From concepts to methods

Overall, colleagues emphasized that a lack of conceptual clarity is interconnected to, and iteratively feeds, methodological challenges. This laid the basis for discussions at the “Combining Forces” meeting where we identified a need for indicators for gender and other health determinants, and for guidelines for how to achieve quality sex/gender analysis within reviews and for theorizing how to interpret generalized data for diverse individuals and groups. Together, we pointed to the value of highlighting gaps in evidence even if appropriate sub-group analyses cannot be carried out and noted that a lack of tools, checklists, and/or outlines for conducting sex/gender analysis in systematic reviews creates a challenge for methodologists unfamiliar with the concepts of sex and gender in particular.

The conceptual and associated methodological challenges that the inclusion of sex, gender, equity and bias can present for systematic reviewers have limited the uptake of these issues and their associated analyses into reviews.
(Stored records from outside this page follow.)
(* Let $\{S;\tilde w_1,\dots,\tilde w_N;p_1,\dots,p_N\}$ be a DIFS with associated Markov chain $\{\tilde X_k\}$, and let $C\subset S$ be nonempty. (a) $C$ is a closed class of $\{\tilde X_k\}$ if and only if $\bigcup_{i=1}^N\tilde w_i(C)\subset C$. (b) If $C$ is a communication class of $\{\tilde X_k\}$, then $\bigcup_{i=1}^N\tilde w_i(C)\supset C$.
   Context: $\mathcal D^n(\delta)=\{\delta m:m\in\mathbb Z^n\}$ for fixed $\delta>0$. A DIFS $\{S;\tilde w_1,\dots,\tilde w_N;p_1,\dots,p_N\}$ consists of $S\subset\mathcal D^n(\delta)$, maps $\tilde w_i:S\to S$, and functions $p_i:S\to(0,1]$ with $\sum_ip_i(\tilde x)=1$ for every $\tilde x\in S$; its associated Markov chain on $S$ has transition probabilities $P(\tilde x,\tilde y)=\sum_ip_i(\tilde x)\mathbf 1_{\{\tilde y\}}(\tilde w_i(\tilde x))$. A state $\tilde y$ is accessible from $\tilde x$ if $P^k(\tilde x,\tilde y)>0$ for some integer $k\ge1$. A communication class is a maximal nonempty subset $C$ such that for all $\tilde x,\tilde y\in C$ (not necessarily distinct) $\tilde y$ is accessible from $\tilde x$. A closed class is a nonempty subset $C$ such that every state accessible from a state of $C$ belongs to $C$. *)

theory Defs
  imports "HOL-Analysis.Analysis"
begin

definition lattice :: "real \<Rightarrow> (real ^ 'n) set" where
  "lattice \<delta> = {x. \<exists>m :: int ^ 'n. \<forall>j. x $ j = \<delta> * of_int (m $ j)}"

definition DIFS ::
  "real \<Rightarrow> (real ^ 'n) set \<Rightarrow> nat \<Rightarrow> (nat \<Rightarrow> real ^ 'n \<Rightarrow> real ^ 'n)
     \<Rightarrow> (nat \<Rightarrow> real ^ 'n \<Rightarrow> real) \<Rightarrow> bool" where
  "DIFS \<delta> S N w p \<longleftrightarrow>
     \<delta> > 0 \<and> S \<subseteq> lattice \<delta> \<and>
     (\<forall>i\<in>{1..N}. \<forall>x\<in>S. w i x \<in> S) \<and>
     (\<forall>i\<in>{1..N}. \<forall>x\<in>S. 0 < p i x \<and> p i x \<le> 1) \<and>
     (\<forall>x\<in>S. (\<Sum>i=1..N. p i x) = 1)"

definition trans_prob ::
  "nat \<Rightarrow> (nat \<Rightarrow> 'a \<Rightarrow> 'a) \<Rightarrow> (nat \<Rightarrow> 'a \<Rightarrow> real) \<Rightarrow> 'a \<Rightarrow> 'a \<Rightarrow> real" where
  "trans_prob N w p x y = (\<Sum>i=1..N. p i x * (if w i x = y then 1 else 0))"

text \<open>k-step transition probabilities P^k (matrix powers); the sum in the matrix product
  P^(k+1)(x,y) = sum_z P(x,z) P^k(z,y) is restricted to the finitely many z with P(x,z) possibly
  nonzero, i.e. z among w_1(x),...,w_N(x).\<close>
fun trans_pow ::
  "nat \<Rightarrow> (nat \<Rightarrow> 'a \<Rightarrow> 'a) \<Rightarrow> (nat \<Rightarrow> 'a \<Rightarrow> real) \<Rightarrow> nat \<Rightarrow> 'a \<Rightarrow> 'a \<Rightarrow> real" where
  "trans_pow N w p 0 x y = (if x = y then 1 else 0)"
| "trans_pow N w p (Suc k) x y =
     (\<Sum>z\<in>(\<lambda>i. w i x) ` {1..N}. trans_prob N w p x z * trans_pow N w p k z y)"

definition accessible ::
  "nat \<Rightarrow> (nat \<Rightarrow> 'a \<Rightarrow> 'a) \<Rightarrow> (nat \<Rightarrow> 'a \<Rightarrow> real) \<Rightarrow> 'a \<Rightarrow> 'a \<Rightarrow> bool" where
  "accessible N w p x y \<longleftrightarrow> (\<exists>k\<ge>1. trans_pow N w p k x y > 0)"

definition closed_class ::
  "'a set \<Rightarrow> nat \<Rightarrow> (nat \<Rightarrow> 'a \<Rightarrow> 'a) \<Rightarrow> (nat \<Rightarrow> 'a \<Rightarrow> real) \<Rightarrow> 'a set \<Rightarrow> bool" where
  "closed_class S N w p C \<longleftrightarrow> C \<noteq> {} \<and> C \<subseteq> S \<and>
     (\<forall>x\<in>C. \<forall>y\<in>S. accessible N w p x y \<longrightarrow> y \<in> C)"

definition communicating ::
  "nat \<Rightarrow> (nat \<Rightarrow> 'a \<Rightarrow> 'a) \<Rightarrow> (nat \<Rightarrow> 'a \<Rightarrow> real) \<Rightarrow> 'a set \<Rightarrow> bool" where
  "communicating N w p C \<longleftrightarrow> C \<noteq> {} \<and> (\<forall>x\<in>C. \<forall>y\<in>C. accessible N w p x y)"

definition communication_class ::
  "'a set \<Rightarrow> nat \<Rightarrow> (nat \<Rightarrow> 'a \<Rightarrow> 'a) \<Rightarrow> (nat \<Rightarrow> 'a \<Rightarrow> real) \<Rightarrow> 'a set \<Rightarrow> bool" where
  "communication_class S N w p C \<longleftrightarrow> C \<subseteq> S \<and> communicating N w p C \<and>
     (\<forall>D. C \<subseteq> D \<and> D \<subseteq> S \<and> communicating N w p D \<longrightarrow> D = C)"

end

theory Submission
  imports Defs
begin

text \<open>Since all probabilities are positive, \<open>P\<^sup>k(x, y) > 0\<close> exactly when \<open>y\<close> is reached from
  \<open>x\<close> by \<open>k\<close> applications of the maps \<open>w\<^sub>i\<close>; hence accessibility is the transitive closure of
  the graph \<open>x \<rightarrow> w\<^sub>i(x)\<close>. A set is closed under the transitive closure iff it is closed under
  single steps, which gives (a). For (b), a state \<open>y\<close> of a communication class \<open>C\<close> is accessible
  from itself, so it has a predecessor \<open>z\<close> with \<open>z \<rightarrow> y\<close> and \<open>y \<rightarrow>\<^sup>* z\<close>; then \<open>C \<union> {z}\<close> still
  communicates, and maximality of \<open>C\<close> forces \<open>z \<in> C\<close>.\<close>

lemma Image_subset_iff_trancl_Image_subset: "r `` A \<subseteq> A \<longleftrightarrow> r\<^sup>+ `` A \<subseteq> A"
proof
  assume "r `` A \<subseteq> A"
  then have "r\<^sup>* `` A = A" by (rule Image_closed_trancl)
  moreover have "r\<^sup>+ `` A \<subseteq> r\<^sup>* `` A" by (rule Image_mono) auto
  ultimately show "r\<^sup>+ `` A \<subseteq> A" by simp
next
  assume "r\<^sup>+ `` A \<subseteq> A"
  moreover have "r `` A \<subseteq> r\<^sup>+ `` A" by (rule Image_mono) auto
  ultimately show "r `` A \<subseteq> A" by simp
qed

lemma maximal_trancl_clique_subset_Image:
  assumes r: "r \<subseteq> S \<times> S" and "C \<subseteq> S"
    and clique: "\<forall>x\<in>C. \<forall>y\<in>C. (x, y) \<in> r\<^sup>+"
    and maximal: "\<And>D. C \<subseteq> D \<Longrightarrow> D \<subseteq> S \<Longrightarrow> \<forall>x\<in>D. \<forall>y\<in>D. (x, y) \<in> r\<^sup>+ \<Longrightarrow> D = C"
  shows "C \<subseteq> r `` C"
proof
  fix y assume y: "y \<in> C"
  then have "(y, y) \<in> r\<^sup>+" using clique by blast
  then obtain z where yz: "(y, z) \<in> r\<^sup>*" and zy: "(z, y) \<in> r" by (blast dest: tranclD2)
  have "\<forall>a\<in>insert z C. \<forall>b\<in>insert z C. (a, b) \<in> r\<^sup>+"
  proof (intro ballI)
    fix a b assume a: "a \<in> insert z C" and b: "b \<in> insert z C"
    have "(a, y) \<in> r\<^sup>+" using a y zy clique by auto
    moreover have "(y, b) \<in> r\<^sup>*" using b y yz clique by (metis insert_iff trancl_into_rtrancl)
    ultimately show "(a, b) \<in> r\<^sup>+" by (rule trancl_rtrancl_trancl)
  qed
  moreover have "z \<in> S" using zy r by blast
  ultimately have "insert z C = C" using maximal \<open>C \<subseteq> S\<close> by blast
  then show "y \<in> r `` C" using zy by blast
qed

definition step_rel :: "'a set \<Rightarrow> nat \<Rightarrow> (nat \<Rightarrow> 'a \<Rightarrow> 'a) \<Rightarrow> ('a \<times> 'a) set" where
  "step_rel S N w = {(x, w i x) | x i. x \<in> S \<and> i \<in> {1..N}}"

lemma step_rel_Image:
  "C \<subseteq> S \<Longrightarrow> step_rel S N w `` C = (\<Union>i\<in>{1..N}. w i ` C)"
  unfolding step_rel_def by blast

locale positive_IFS =
  fixes S :: "'a set" and N :: nat and w :: "nat \<Rightarrow> 'a \<Rightarrow> 'a" and p :: "nat \<Rightarrow> 'a \<Rightarrow> real"
  assumes maps_into: "\<And>i x. i \<in> {1..N} \<Longrightarrow> x \<in> S \<Longrightarrow> w i x \<in> S"
    and prob_pos: "\<And>i x. i \<in> {1..N} \<Longrightarrow> x \<in> S \<Longrightarrow> 0 < p i x"
begin

lemma step_rel_subset: "step_rel S N w \<subseteq> S \<times> S"
  unfolding step_rel_def using maps_into by blast

lemma trans_prob_pos: "i \<in> {1..N} \<Longrightarrow> x \<in> S \<Longrightarrow> 0 < trans_prob N w p x (w i x)"
  unfolding trans_prob_def
  by (rule sum_pos2[of _ i]) (auto simp: prob_pos less_imp_le)

lemma trans_pow_nonneg: "x \<in> S \<Longrightarrow> 0 \<le> trans_pow N w p k x y"
proof (induction k arbitrary: x)
  case (Suc k)
  have "0 \<le> trans_prob N w p x (w i x) * trans_pow N w p k (w i x) y" if "i \<in> {1..N}" for i
    using trans_prob_pos[OF that Suc.prems] Suc.IH[OF maps_into[OF that Suc.prems]] by simp
  then show ?case by (auto intro: sum_nonneg)
qed simp

lemma trans_pow_Suc_pos_iff:
  assumes "x \<in> S"
  shows "0 < trans_pow N w p (Suc k) x y \<longleftrightarrow> (\<exists>i\<in>{1..N}. 0 < trans_pow N w p k (w i x) y)"
proof -
  let ?term = "\<lambda>z. trans_prob N w p x z * trans_pow N w p k z y"
  have pos_iff: "0 < ?term (w i x) \<longleftrightarrow> 0 < trans_pow N w p k (w i x) y" if "i \<in> {1..N}" for i
    using trans_prob_pos[OF that assms] by (simp add: zero_less_mult_iff)
  have nonneg: "0 \<le> ?term z" if z: "z \<in> (\<lambda>i. w i x) ` {1..N}" for z
  proof -
    obtain i where i: "i \<in> {1..N}" and "z = w i x" using z by blast
    then show ?thesis
      using trans_prob_pos[OF i assms] trans_pow_nonneg[OF maps_into[OF i assms]] by simp
  qed
  have "0 < sum ?term ((\<lambda>i. w i x) ` {1..N}) \<longleftrightarrow> sum ?term ((\<lambda>i. w i x) ` {1..N}) \<noteq> 0"
    using nonneg sum_nonneg[of _ ?term] by (simp add: less_le)
  also have "\<dots> \<longleftrightarrow> (\<exists>z\<in>(\<lambda>i. w i x) ` {1..N}. 0 < ?term z)"
    using nonneg by (simp add: sum_nonneg_eq_0_iff less_le)
  finally show ?thesis using pos_iff by auto
qed

lemma trans_pow_pos_iff_relpow:
  "x \<in> S \<Longrightarrow> 0 < trans_pow N w p k x y \<longleftrightarrow> (x, y) \<in> step_rel S N w ^^ k"
proof (induction k arbitrary: x)
  case (Suc k)
  have "0 < trans_pow N w p (Suc k) x y \<longleftrightarrow> (\<exists>i\<in>{1..N}. (w i x, y) \<in> step_rel S N w ^^ k)"
    using trans_pow_Suc_pos_iff Suc maps_into by auto
  also have "\<dots> \<longleftrightarrow> (\<exists>z. (x, z) \<in> step_rel S N w \<and> (z, y) \<in> step_rel S N w ^^ k)"
    unfolding step_rel_def using Suc.prems by blast
  also have "\<dots> \<longleftrightarrow> (x, y) \<in> step_rel S N w ^^ Suc k"
    by (blast intro: relpow_Suc_I2 dest: relpow_Suc_D2)
  finally show ?case .
qed simp

lemma accessible_iff_trancl: "x \<in> S \<Longrightarrow> accessible N w p x y \<longleftrightarrow> (x, y) \<in> (step_rel S N w)\<^sup>+"
  unfolding accessible_def trancl_power by (auto simp: trans_pow_pos_iff_relpow Suc_le_eq)

lemma closed_class_iff_image_subset:
  assumes "C \<noteq> {}" and "C \<subseteq> S"
  shows "closed_class S N w p C \<longleftrightarrow> (\<Union>i\<in>{1..N}. w i ` C) \<subseteq> C"
proof -
  have "closed_class S N w p C \<longleftrightarrow> (\<forall>x\<in>C. \<forall>y\<in>S. (x, y) \<in> (step_rel S N w)\<^sup>+ \<longrightarrow> y \<in> C)"
    using assms by (auto simp: closed_class_def accessible_iff_trancl subset_iff)
  also have "\<dots> \<longleftrightarrow> (step_rel S N w)\<^sup>+ `` C \<subseteq> C"
    using trancl_subset_Sigma[OF step_rel_subset] by blast
  also have "\<dots> \<longleftrightarrow> (\<Union>i\<in>{1..N}. w i ` C) \<subseteq> C"
    using assms by (simp add: Image_subset_iff_trancl_Image_subset[symmetric] step_rel_Image)
  finally show ?thesis .
qed

lemma communication_class_subset_image:
  assumes "communication_class S N w p C"
  shows "C \<subseteq> (\<Union>i\<in>{1..N}. w i ` C)"
proof -
  have "C \<subseteq> S" using assms by (simp add: communication_class_def)
  have communicating_iff: "communicating N w p D \<longleftrightarrow> D \<noteq> {} \<and> (\<forall>x\<in>D. \<forall>y\<in>D. (x, y) \<in> (step_rel S N w)\<^sup>+)"
    if "D \<subseteq> S" for D
    using that by (auto simp: communicating_def accessible_iff_trancl subset_iff)
  have "C \<subseteq> step_rel S N w `` C"
  proof (rule maximal_trancl_clique_subset_Image[OF step_rel_subset \<open>C \<subseteq> S\<close>])
    show "\<forall>x\<in>C. \<forall>y\<in>C. (x, y) \<in> (step_rel S N w)\<^sup>+"
      using assms communicating_iff[OF \<open>C \<subseteq> S\<close>] by (simp add: communication_class_def)
  next
    fix D assume D: "C \<subseteq> D" "D \<subseteq> S" and "\<forall>x\<in>D. \<forall>y\<in>D. (x, y) \<in> (step_rel S N w)\<^sup>+"
    moreover have "C \<noteq> {}" using assms by (simp add: communication_class_def communicating_def)
    ultimately have "communicating N w p D" using communicating_iff[OF D(2)] by blast
    then show "D = C" using assms D unfolding communication_class_def by blast
  qed
  then show ?thesis using \<open>C \<subseteq> S\<close> by (simp add: step_rel_Image)
qed

end

lemma DIFS_imp_positive_IFS:
  assumes "DIFS \<delta> S N w p"
  shows "positive_IFS S N w p"
proof
  fix i x assume "i \<in> {1..N}" and "x \<in> S"
  then show "w i x \<in> S" and "0 < p i x"
    using assms by (simp_all add: DIFS_def)
qed

theorem theorem11:
  fixes \<delta> :: real and S C :: "(real ^ 'n) set" and N :: nat
    and w :: "nat \<Rightarrow> real ^ 'n \<Rightarrow> real ^ 'n" and p :: "nat \<Rightarrow> real ^ 'n \<Rightarrow> real"
  assumes "DIFS \<delta> S N w p" and "C \<subseteq> S" and "C \<noteq> {}"
  shows "(closed_class S N w p C \<longleftrightarrow> (\<Union>i\<in>{1..N}. w i ` C) \<subseteq> C)
       \<and> (communication_class S N w p C \<longrightarrow> C \<subseteq> (\<Union>i\<in>{1..N}. w i ` C))"
proof -
  interpret positive_IFS S N w p
    using assms(1) by (rule DIFS_imp_positive_IFS)
  show ?thesis
    using closed_class_iff_image_subset[OF assms(3,2)] communication_class_subset_image by simp
qed

end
Addressing the challenges by developing methods and tools to facilitate and build critical capacity has significant potential for enhancing the applicability and the quality of the evidence to achieve better health outcomes for all.

The authors thank the participants at the “Combining Forces” workshop whose thoughtful input allowed them to contribute this column. “Combining Forces” was funded through an IGH Meetings, Planning and Dissemination Grant.